── INFORMATION SUPPLIED ──
definition msd_h :: "('a \<Rightarrow> 'a \<Rightarrow> real) \<Rightarrow> 'a \<Rightarrow> 'a \<Rightarrow> 'a \<Rightarrow> real" where
  "msd_h d x1 x2 x3 =
     (if x3 \<in> {x1, x2} then 0
      else (d x1 x3 ^ 2 + d x2 x3 ^ 2 - d x1 x2 ^ 2) / (d x1 x3 * d x2 x3))"

definition metric_spatial_depth :: "('a \<Rightarrow> 'a \<Rightarrow> real) \<Rightarrow> 'a \<Rightarrow> 'a pmf \<Rightarrow> real" where
  "metric_spatial_depth d mu P =
     1 - 1/2 * measure_pmf.expectation (pair_pmf P P) (\<lambda>(x1, x2). msd_h d x1 x2 mu)"

text \<open>Unit circle as unit complex numbers; arc length (geodesic) distance.\<close>
definition arc_dist :: "complex \<Rightarrow> complex \<Rightarrow> real" where
  "arc_dist z w = arccos (Re (z * cnj w))"

definition circle_pt :: "nat \<Rightarrow> nat \<Rightarrow> complex" where
  "circle_pt k j = cis (pi * real j / real k)"

definition P_circ :: "nat \<Rightarrow> complex pmf" where
  "P_circ k = pmf_of_set (circle_pt k ` {0..<2*k})"

end

theory Submission
  imports Defs
begin

(*
  Rotating the circle moves the centre to index 0, and all arc lengths are multiples of pi/k,
  a factor to which the kernel h is insensitive; so the depth is governed by the kernel of the
  cyclic index distance on Z/2kZ.  For two points in the same closed half circle seen from the
  centre, the three distances are collinear and h = 2.  For points at index distances u and v
  on opposite open halves, h = -2 when u + v <= k (the geodesic passes through the centre) and
  h = -2 + 4k/u + 4k/v - 4k^2/(uv) otherwise.  Summing, the only non-elementary term is
  sum over u, v < k with u + v >= k of 1/(uv), which equals sum_{i<k} 1/i^2: together with the
  sum over u + v < k it makes up (H_{k-1})^2, and induction on n shows that the sum over
  u + v <= n is H_n^2 - sum_{i<=n} 1/i^2, since each step adds the antidiagonal u + v = n + 1,
  whose sum is 2 H_n/(n+1) by partial fractions.
*)

lemma msd_h_similar:
  assumes "inj_on f {x1, x2, x3}" "c \<noteq> 0"
    and "\<And>a b. a \<in> {x1, x2, x3} \<Longrightarrow> b \<in> {x1, x2, x3} \<Longrightarrow> d (f a) (f b) = c * e a b"
  shows "msd_h d (f x1) (f x2) (f x3) = msd_h e x1 x2 x3"
proof -
  have mem: "f x3 \<in> {f x1, f x2} \<longleftrightarrow> x3 \<in> {x1, x2}"
    by (simp add: inj_on_eq_iff[OF assms(1)])
  have scale: "((c * a)\<^sup>2 + (c * b)\<^sup>2 - (c * a')\<^sup>2) / (c * a * (c * b))
        = (a\<^sup>2 + b\<^sup>2 - a'\<^sup>2) / (a * b)" for a b a' :: real
  proof -
    have num: "(c * a)\<^sup>2 + (c * b)\<^sup>2 - (c * a')\<^sup>2 = c\<^sup>2 * (a\<^sup>2 + b\<^sup>2 - a'\<^sup>2)"
      and den: "c * a * (c * b) = c\<^sup>2 * (a * b)"
      by (simp_all add: power2_eq_square algebra_simps)
    show ?thesis
      unfolding num den using assms(2) by simp
  qed
  show ?thesis
    unfolding msd_h_def mem using assms(3) by (simp add: scale)
qed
───
**TASK TO CARRY OUT**
Beginning at the line with "text \<open>Unit circle" and ending at the line with "sum over u +", reproduce each line of the data above exactly, and add no other lines.

**ANSWER TO THIS PROBLEM**
text \<open>Unit circle as unit complex numbers; arc length (geodesic) distance.\<close>
definition arc_dist :: "complex \<Rightarrow> complex \<Rightarrow> real" where
  "arc_dist z w = arccos (Re (z * cnj w))"

definition circle_pt :: "nat \<Rightarrow> nat \<Rightarrow> complex" where
  "circle_pt k j = cis (pi * real j / real k)"

definition P_circ :: "nat \<Rightarrow> complex pmf" where
  "P_circ k = pmf_of_set (circle_pt k ` {0..<2*k})"

end

theory Submission
  imports Defs
begin

(*
  Rotating the circle moves the centre to index 0, and all arc lengths are multiples of pi/k,
  a factor to which the kernel h is insensitive; so the depth is governed by the kernel of the
  cyclic index distance on Z/2kZ.  For two points in the same closed half circle seen from the
  centre, the three distances are collinear and h = 2.  For points at index distances u and v
  on opposite open halves, h = -2 when u + v <= k (the geodesic passes through the centre) and
  h = -2 + 4k/u + 4k/v - 4k^2/(uv) otherwise.  Summing, the only non-elementary term is
  sum over u, v < k with u + v >= k of 1/(uv), which equals sum_{i<k} 1/i^2: together with the
  sum over u + v < k it makes up (H_{k-1})^2, and induction on n shows that the sum over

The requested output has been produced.